Rett Syndrome (RTT) is a neurological disorder seen almost exclusively in females. The prevalence of RTT in females is approximately one in every 10,000-23,000 individuals and is found in all racial and ethnic groups worldwide. It is known that RTT can occur in males, but is extremely rare. Recurrence in families is also extremely rare. In these families, males may have a very different pattern including miscarriage, stillbirth or early death due to fatal encephalopathy.

RTT has its clinical onset in most females between 6-18 months of age. Development to that time appears normal.

This is followed by a period of stagnation or regression during which the child begins losing communication skills and purposeful use of the hands. Afterwards, stereotypical hand movements (such as hand wringing or knitting motions), gait disturbances, and a slowed rate of head growth may be observed.

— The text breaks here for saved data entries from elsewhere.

lemma K_involution: "u \<in> U \<Longrightarrow> K (K u) = u"
proof -
  assume u: "u \<in> U"
  have uc: "u \<in> carrier_vec n" using u U_carrier by simp
  have riu: "R_inv u \<in> U" using R_inv_U u by simp
  have ririu: "R_inv (R_inv u) \<in> U" using R_inv_U riu by simp
  have "K (K u) = complex_of_real (1/L) \<cdot>\<^sub>v A (R_inv (complex_of_real (1/L) \<cdot>\<^sub>v A (R_inv u)))"
    unfolding K_def ..
  also have "R_inv (complex_of_real (1/L) \<cdot>\<^sub>v A (R_inv u)) = complex_of_real (1/L) \<cdot>\<^sub>v R_inv (A (R_inv u))"
    unfolding R_inv_def by (rule poly_T_smult) (simp add: R_inv_carrier)
  also have "R_inv (A (R_inv u)) = A (R_inv (R_inv u))" unfolding R_inv_def using A_poly_T_commute R_inv_carrier[unfolded R_inv_def] by simp
  also have "A (complex_of_real (1/L) \<cdot>\<^sub>v A (R_inv (R_inv u))) = complex_of_real (1/L) \<cdot>\<^sub>v A (A (R_inv (R_inv u)))"
    using R_inv_carrier by (simp add: A_smult)
  also have "A (A (R_inv (R_inv u))) = mu \<cdot>\<^sub>v R (R (R_inv (R_inv u)))" using AA_eq_R_R ririu by simp
  also have "R (R (R_inv (R_inv u))) = u" using R_R_inv riu u by simp
  finally have "K (K u) = complex_of_real (1/L) \<cdot>\<^sub>v (complex_of_real (1/L) \<cdot>\<^sub>v (mu \<cdot>\<^sub>v u))" .
  also have "\<dots> = u"
  proof -
    have e: "mu / (complex_of_real L * complex_of_real L) = 1"
      using L_pos L_mult_self m_pos unfolding mu_m by (simp flip: of_real_mult)
    show ?thesis using uc by (simp add: smult_smult_assoc e)
  qed
  finally show ?thesis .
qed

lemma A_eq_K_R: "u \<in> U \<Longrightarrow> A u = complex_of_real L \<cdot>\<^sub>v K (R u)"
proof -
  assume u: "u \<in> U"
  have uc: "u \<in> carrier_vec n" using u U_carrier by simp
  have "K (R u) = complex_of_real (1/L) \<cdot>\<^sub>v A u" unfolding K_def using R_inv_R u by simp
  thus ?thesis using uc L_pos by (simp add: smult_smult_assoc)
qed

lemma K_self_adjoint: "u \<in> U \<Longrightarrow> v \<in> U \<Longrightarrow> l (K u) v = l (K v) u"
proof -
  assume u: "u \<in> U" and v: "v \<in> U"
  have uc: "u \<in> carrier_vec n" and vc: "v \<in> carrier_vec n" using u v U_carrier by auto
  have "l (K u) v = complex_of_real (1/L) * l (A (R_inv u)) v"
    unfolding K_def using vc R_inv_carrier by (simp add: hermitian_smult_left[OF herm])
  also have "l (A (R_inv u)) v = l (A v) (R_inv u)" using A_self_adjoint vc R_inv_carrier by simp
  also have "\<dots> = cnj (l (R_inv u) (A v))" using l_conj_sym[of "A v" "R_inv u"] vc R_inv_carrier by simp
  also have "l (R_inv u) (A v) = l u (R_inv (A v))" unfolding R_inv_def using poly_T_self_adjoint uc vc by simp
  also have "R_inv (A v) = A (R_inv v)" unfolding R_inv_def using A_poly_T_commute vc by simp
  also have "cnj (l u (A (R_inv v))) = l (A (R_inv v)) u" using l_conj_sym[of "A (R_inv v)" u] uc R_inv_carrier by simp
  also have "complex_of_real (1/L) * l (A (R_inv v)) u = l (K v) u"
    unfolding K_def using uc R_inv_carrier by (simp add: hermitian_smult_left[OF herm])
  finally show ?thesis .
qed

lemma K_N_commute: "u \<in> U \<Longrightarrow> K (N u) = N (K u)"
proof -
  assume u: "u \<in> U"
  have "R_inv (N u) = N (R_inv u)" unfolding R_inv_def N_def using poly_T_commute u by simp
  hence "K (N u) = complex_of_real (1/L) \<cdot>\<^sub>v N (A (R_inv u))"
    unfolding K_def N_def using A_poly_T_commute R_inv_carrier by simp
  also have "\<dots> = N (K u)" unfolding K_def N_def using poly_T_smult A_carrier R_inv_carrier by simp
  finally show ?thesis .
qed

lemma linear_N: "linear_on n U N" unfolding N_def by (rule linear_poly_T)

lemma N_self_adjoint: "u \<in> U \<Longrightarrow> v \<in> U \<Longrightarrow> l (N u) v = l u (N v)"
  unfolding N_def using poly_T_self_adjoint U_carrier by simp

HOW IS RETT SYNDROME DIAGNOSED?

In 1999, a decade-long search for the genetic basis for RTT succeeded in identifying mutations in the MECP2 gene in girls fulfilling the criteria for RTT. This discovery allows confirmation of clinical diagnoses and the development of genotype-phenotype correlations. We are now examining the molecular genetics of children who do not meet all diagnostic criteria for RTT, but who are near the border zones of clinical involvement. At the present time, more than 80% of females fulfilling the criteria for RTT have mutations in MECP2. The remainder either has mutations in, as yet, unexplored regions of MECP2, or is explained by alternative genes.

Predicting the severity of RTT for an individual is difficult because more than 200 mutations in the MECP2 gene have been observed. The range of these mutations result in varying degrees of neurological and physical complications and may also lead to misdiagnosis by health professionals who may not be familiar with RTT. It is most often misdiagnosed as autism, cerebral palsy or other forms of developmental delay. Correct diagnosis is essential to receiving quality treatment. It is strongly suggested to parents that a diagnosis should be obtained through a clinical evaluation, using agreed upon clinical criteria and clinical severity scales.

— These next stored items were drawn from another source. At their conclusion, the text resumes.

lemma exists_phase_floor_cf_den_multiples:
  "\<exists>\<rho>. \<forall>m \<le> cf_den \<alpha> (Suc k). \<lfloor>\<rho> + real (m * cf_den \<alpha> k) * \<alpha>\<rfloor> = int (m * cf_num \<alpha> k)"
proof -
  obtain \<rho> where \<rho>:
    "\<forall>m \<le> cf_den \<alpha> (Suc k). 0 \<le> \<rho> + real m * cf_err \<alpha> k \<and> \<rho> + real m * cf_err \<alpha> k < 1"
    using exists_offset_in_unit_interval[OF cf_den_Suc_mult_err_less_1] by blast
  have "\<rho> + real (m * cf_den \<alpha> k) * \<alpha>
      = of_int (int (m * cf_num \<alpha> k)) + (\<rho> + real m * cf_err \<alpha> k)" for m
    by (simp add: cf_err_def algebra_simps)
  then show ?thesis
    using \<rho> by (intro exI[of _ \<rho>]) (simp add: floor_eq_iff)
qed

end

section \<open>Binary words and abelian periods\<close>

lemma butlast_upt: "butlast [m..<n] = [m..<n - 1]"
  by (cases n) simp_all

lemma concat_map_upt_blocks:
  "concat (map (\<lambda>m. map f [m * q..<m * q + q]) [0..<K]) = map f [0..<K * q]"
proof (induction K)
  case (Suc K)
  have upt_split: "[0..<Suc K * q] = [0..<K * q] @ [K * q..<K * q + q]"
    using upt_add_eq_append[of 0 "K * q" q] by (simp add: add.commute)
  show ?case
    unfolding upt_split using Suc by simp
qed simp

lemma map_upt_eq_append_infix:
  assumes "map f [i..<i + n] = u @ x @ v"
  shows "x = map f [i + length u..<i + length u + length x]"
proof -
  have "length u + length x \<le> n"
    using arg_cong[OF assms, of length] by simp
  moreover have "x = take (length x) (drop (length u) (map f [i..<i + n]))"
    by (simp add: assms)
  ultimately show ?thesis
    by (simp add: drop_map take_map min_def)
qed

lemma length_eq_count_0_1: "set u \<subseteq> {0, 1} \<Longrightarrow> length u = count_list u 0 + count_list u (1::nat)"
  using sum_count_set[of u "{0, 1}"] by simp

lemma parikh_contained_iff:
  assumes "set u \<subseteq> {0, 1}" and "set v \<subseteq> {0, 1}"
  shows "parikh_contained (parikh u) (parikh v) \<longleftrightarrow>
    count_list u 0 \<le> count_list v 0 \<and> count_list u 1 \<le> count_list v 1 \<and> length u < length v"
  using length_eq_count_0_1[OF assms(1)] length_eq_count_0_1[OF assms(2)]
  by (auto simp: parikh_contained_def parikh_def)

Most researchers now agree that RTT is a developmental disorder rather than a progressive, degenerative disorder, as once thought. Survival into adulthood is now expected, barring other illnesses or serious physical complications. Girls and women with RTT can be expected to demonstrate a full range of emotions and enjoy satisfying social, recreational, and educational experiences at home and in the community.

RESEARCH FOR TREATMENT

Since the identification of the MECP2 gene in 1999, research on Rett Syndrome has made important advances. Through research we have gained a greater understanding of the molecular mechanisms underlying Rett Syndrome which result from MeCP2 dysfunction.

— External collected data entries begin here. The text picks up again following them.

lemma closed_walk_nth_mod:
  assumes "n > 0" "hs \<in> closed_walks n" "i \<le> n"
  shows "hs ! (i mod n) = hs ! i"
proof (cases "i = n")
  case True
  have "length hs = Suc n" "hd hs = last hs"
    using assms(2) by (auto simp: closed_walks_def)
  then have "hs ! n = hs ! 0"
    by (metis diff_Suc_1 hd_conv_nth last_conv_nth list.size(3) nat.distinct(1))
  with True show ?thesis by simp
qed (use assms in simp)

lemma closed_walk_step_mod:
  assumes "n > 0" "hs \<in> closed_walks n"
  shows "step (hs ! (i mod n)) (hs ! (Suc i mod n))"
proof -
  have "successively step hs" "length hs = Suc n"
    using assms(2) by (simp_all add: closed_walks_def)
  then have "step (hs ! (i mod n)) (hs ! Suc (i mod n))"
    using assms(1) by (simp add: successively_conv_nth)
  moreover have "hs ! Suc (i mod n) = hs ! (Suc i mod n)"
    using closed_walk_nth_mod[OF assms, of "Suc (i mod n)"] assms(1)
    by (simp add: Suc_leI mod_Suc_eq)
  ultimately show ?thesis by simp
qed

lemma closed_walk_nth_mod_eq:
  assumes "n > 0" "hs \<in> closed_walks n"
  shows "hs ! (i mod n) = (i mod n \<in> set_of_walk n hs, Suc i mod n \<in> set_of_walk n hs)"
  using closed_walk_step_mod[OF assms, of i] assms(1)
  by (simp add: set_of_walk_def step_def prod_eq_iff)

lemma walk_of_set_in_closed_walks:
  assumes "n > 0" "X \<in> MIS n"
  shows "walk_of_set n X \<in> closed_walks n"
proof -
  let ?hs = "walk_of_set n X"
  have "maximal_independent_seq (\<lambda>i. i mod n \<in> X)"
    using assms MIS_iff_maximal_independent_seq by blast
  note mis = this[unfolded maximal_independent_seq_def, rule_format]
  have "step (?hs ! i) (?hs ! Suc i)" if "i < n" for i
    using mis[of i] mis[of "Suc i"] that by (simp add: nth_walk_of_set step_def)
  then have "successively step ?hs"
    by (simp add: successively_conv_nth)
  moreover have "?hs ! 0 \<in> states"
    using mis[of 0] by (auto simp: nth_walk_of_set states_def)
  moreover have "?hs ! n = ?hs ! 0"
    using assms(1) by (simp add: nth_walk_of_set mod_Suc_eq[of n n, symmetric])
  moreover have "?hs \<noteq> []"
    by (simp add: walk_of_set_def)
  ultimately show ?thesis
    by (simp add: closed_walks_def hd_conv_nth last_conv_nth)
qed

lemma set_of_walk_in_MIS:
  assumes "n > 0" "hs \<in> closed_walks n"
  shows "set_of_walk n hs \<in> MIS n"
proof -
  let ?X = "set_of_walk n hs"
  have "step (i mod n \<in> ?X, Suc i mod n \<in> ?X) (Suc i mod n \<in> ?X, Suc (Suc i) mod n \<in> ?X)" for i
    using closed_walk_step_mod[OF assms, of i] closed_walk_nth_mod_eq[OF assms] by simp
  then have "maximal_independent_seq (\<lambda>i. i mod n \<in> ?X)"
    by (simp add: maximal_independent_seq_def step_def)
  moreover have "?X \<subseteq> {..<n}" by (auto simp: set_of_walk_def)
  ultimately show ?thesis
    using MIS_iff_maximal_independent_seq[OF assms(1)] by blast
qed

lemma bij_betw_walk_of_set:
  assumes "n > 0"
  shows "bij_betw (walk_of_set n) (MIS n) (closed_walks n)"
proof (rule bij_betw_byWitness[where f' = "set_of_walk n"])
  show "\<forall>X\<in>MIS n. set_of_walk n (walk_of_set n X) = X"
    by (auto simp: MIS_def set_of_walk_def nth_walk_of_set)
  show "\<forall>hs\<in>closed_walks n. walk_of_set n (set_of_walk n hs) = hs"
  proof
    fix hs assume hs: "hs \<in> closed_walks n"
    show "walk_of_set n (set_of_walk n hs) = hs"
    proof (rule nth_equalityI)
      show "length (walk_of_set n (set_of_walk n hs)) = length hs"
        using hs by (simp add: closed_walks_def)
      fix i assume "i < length (walk_of_set n (set_of_walk n hs))"
      then have "i \<le> n" by simp
      then show "walk_of_set n (set_of_walk n hs) ! i = hs ! i"
        using closed_walk_nth_mod_eq[OF assms hs] closed_walk_nth_mod[OF assms hs]
        by (simp add: nth_walk_of_set)
    qed
  qed
qed (use assms walk_of_set_in_closed_walks set_of_walk_in_MIS in blast)+

lemma card_MIS: "n > 0 \<Longrightarrow> card (MIS n) = perrin n"
  using bij_betw_same_card[OF bij_betw_walk_of_set] card_closed_walks by simp

section \<open>Rotations of the cycle\<close>

lemma Suc_mod_eq_Suc_mod_iff: "Suc a mod n = Suc b mod n \<longleftrightarrow> a mod n = b mod n"
  by (simp add: mod_eq_iff_dvd_symdiff_nat)

lemma mod_add_complement_eq:
  fixes j n k :: nat
  assumes "j < n"
  shows "(j + (n - k mod n) + k) mod n = j"
proof -
  have "n * (k div n) + k mod n = k" "k mod n < n"
    using assms by simp_all
  then have "j + (n - k mod n) + k = j + n * (k div n) + n"
    by linarith
  with assms show ?thesis by simp
qed

lemma subset_lessThan_eqI:
  fixes n k :: nat
  assumes "A \<subseteq> {..<n}" "B \<subseteq> {..<n}" "\<And>i. (i + k) mod n \<in> A \<longleftrightarrow> (i + k) mod n \<in> B"
  shows "A = B"
proof (intro set_eqI)
  fix j
  show "j \<in> A \<longleftrightarrow> j \<in> B"
  proof (cases "j < n")
    case True
    then show ?thesis
      using assms(3)[of "j + (n - k mod n)"] mod_add_complement_eq[OF True, of k] by simp
  next
    case False
    then show ?thesis
      using assms(1,2) by auto
  qed
qed

lemma sigma_subset: "X \<subseteq> {..<n} \<Longrightarrow> sigma n X \<subseteq> {..<n}"
  by (auto simp: sigma_def)

lemma funpow_sigma_subset: "X \<subseteq> {..<n} \<Longrightarrow> (sigma n ^^ k) X \<subseteq> {..<n}"
  by (induction k) (simp_all add: sigma_subset)

lemma Suc_mod_mem_sigma_iff:
  assumes "X \<subseteq> {..<n}"
  shows "Suc i mod n \<in> sigma n X \<longleftrightarrow> i mod n \<in> X"
proof -
  have "Suc i mod n \<in> sigma n X \<longleftrightarrow> (\<exists>x\<in>X. Suc i mod n = Suc x mod n)"
    by (auto simp: sigma_def)
  also have "\<dots> \<longleftrightarrow> (\<exists>x\<in>X. i mod n = x)"
    using assms by (auto simp: Suc_mod_eq_Suc_mod_iff subset_iff)
  finally show ?thesis by simp
qed

lemma add_mod_mem_funpow_sigma_iff:
  assumes "X \<subseteq> {..<n}"
  shows "(i + k) mod n \<in> (sigma n ^^ k) X \<longleftrightarrow> i mod n \<in> X"
proof (induction k)
  case (Suc k)
  then show ?case
    using Suc_mod_mem_sigma_iff[OF funpow_sigma_subset[OF assms], of "i + k" k] by simp
qed simp

lemma funpow_sigma_self: "X \<subseteq> {..<n} \<Longrightarrow> (sigma n ^^ n) X = X"
  by (rule subset_lessThan_eqI[where k = n])
    (use add_mod_mem_funpow_sigma_iff[of X n _ n] funpow_sigma_subset in auto)

lemma maximal_independent_seq_shift:
  "maximal_independent_seq b \<Longrightarrow> maximal_independent_seq (\<lambda>i. b (i + k))"
  by (simp add: maximal_independent_seq_def)

lemma sigma_MIS:
  assumes "n > 0" "X \<in> MIS n"
  shows "sigma n X \<in> MIS n"
proof -
  have X: "X \<subseteq> {..<n}" "maximal_independent_seq (\<lambda>i. i mod n \<in> X)"
    using assms MIS_iff_maximal_independent_seq by blast+
  have "j mod n \<in> sigma n X \<longleftrightarrow> (j + (n - 1)) mod n \<in> X" for j
    using Suc_mod_mem_sigma_iff[OF X(1), of "j + (n - 1)"] assms(1) by simp
  then have "maximal_independent_seq (\<lambda>j. j mod n \<in> sigma n X)"
    using maximal_independent_seq_shift[OF X(2), of "n - 1"] by simp
  then show ?thesis
    using MIS_iff_maximal_independent_seq[OF assms(1)] sigma_subset[OF X(1)] by blast
qed

definition repeat_set :: "nat \<Rightarrow> nat \<Rightarrow> nat set \<Rightarrow> nat set" where
  "repeat_set n d Y = {i. i < n \<and> i mod d \<in> Y}"

lemma repeat_set_subset: "repeat_set n d Y \<subseteq> {..<n}"
  by (auto simp: repeat_set_def)

lemma mod_mem_repeat_set_iff:
  "d dvd n \<Longrightarrow> n > 0 \<Longrightarrow> j mod n \<in> repeat_set n d Y \<longleftrightarrow> j mod d \<in> Y"
  by (simp add: repeat_set_def mod_mod_cancel)

lemma repeat_set_MIS_iff:
  assumes "d dvd n" "n > 0" "Y \<subseteq> {..<d}"
  shows "repeat_set n d Y \<in> MIS n \<longleftrightarrow> Y \<in> MIS d"
proof -
  have "d > 0" using assms by (simp add: dvd_pos_nat)
  then show ?thesis
    using assms by (simp add: MIS_iff_maximal_independent_seq mod_mem_repeat_set_iff)
      (auto simp: repeat_set_def)
qed

lemma repeat_set_inter_lessThan: "d \<le> n \<Longrightarrow> Y \<subseteq> {..<d} \<Longrightarrow> repeat_set n d Y \<inter> {..<d} = Y"
  by (auto simp: repeat_set_def subset_iff)

lemma funpow_sigma_repeat_set:
  assumes "d dvd n" "n > 0"
  shows "(sigma n ^^ d) (repeat_set n d Y) = repeat_set n d Y"
proof (rule subset_lessThan_eqI[where k = d])
  fix i
  have "(i + d) mod n \<in> (sigma n ^^ d) (repeat_set n d Y) \<longleftrightarrow> i mod n \<in> repeat_set n d Y"
    by (rule add_mod_mem_funpow_sigma_iff[OF repeat_set_subset])
  also have "\<dots> \<longleftrightarrow> i mod d \<in> Y"
    using assms by (simp add: mod_mem_repeat_set_iff)
  also have "\<dots> \<longleftrightarrow> (i + d) mod n \<in> repeat_set n d Y"
    using assms by (simp add: mod_mem_repeat_set_iff)
  finally show "(i + d) mod n \<in> (sigma n ^^ d) (repeat_set n d Y) \<longleftrightarrow> (i + d) mod n \<in> repeat_set n d Y" .
qed (simp_all add: funpow_sigma_subset repeat_set_subset)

Scientific Research Has Yielded Some Exciting Developments:

• Numerous target genes have been identified that are regulated by the MeCP2 protein

• Genetic studies have begun to identify additional causative genes such as CDKL5 and FOXG1

• Valuable animal models have been developed that effectively reproduce the disease and demonstrate the potential reversibility of the disease

• Neurobiological studies have enabled us to determine some of the neurological underpinnings of Rett Syndrome pathogenesis

We are dedicated to helping develop better treatments to improve the quality of life of individuals with Rett Syndrome and ultimately find a "cure."  Treatment is defined as anything that improves the outcome of conditions caused by Rett Syndrome. In addition to therapeutics, this may include assistive technologies, communication, physical therapy and education. We support and facilitate global research into the causes, treatments and an eventual cure for Rett syndrome.

WHO SHOULD I CONSULT IF I SUSPECT?

South Eastern Rett Syndrome Alliance www.serett.org

The Southeastern Rett Syndrome Alliance (SRSA) is a grassroots organization, established in January 2007, to provide a network of information and emotional support for families and caregivers of Rett Syndrome (RTT) children and adults; and to increase public awareness of Rett Syndrome.

SRSA's purpose is to develop understanding and awareness of Rett Syndrome; to promote the general welfare of those with Rett Syndrome; to assist in indentifying persons with Rett Syndrome; to support families in coping with the disorder, and conduct activities aimed at prevention, treatment and eradication of Rett Syndrome.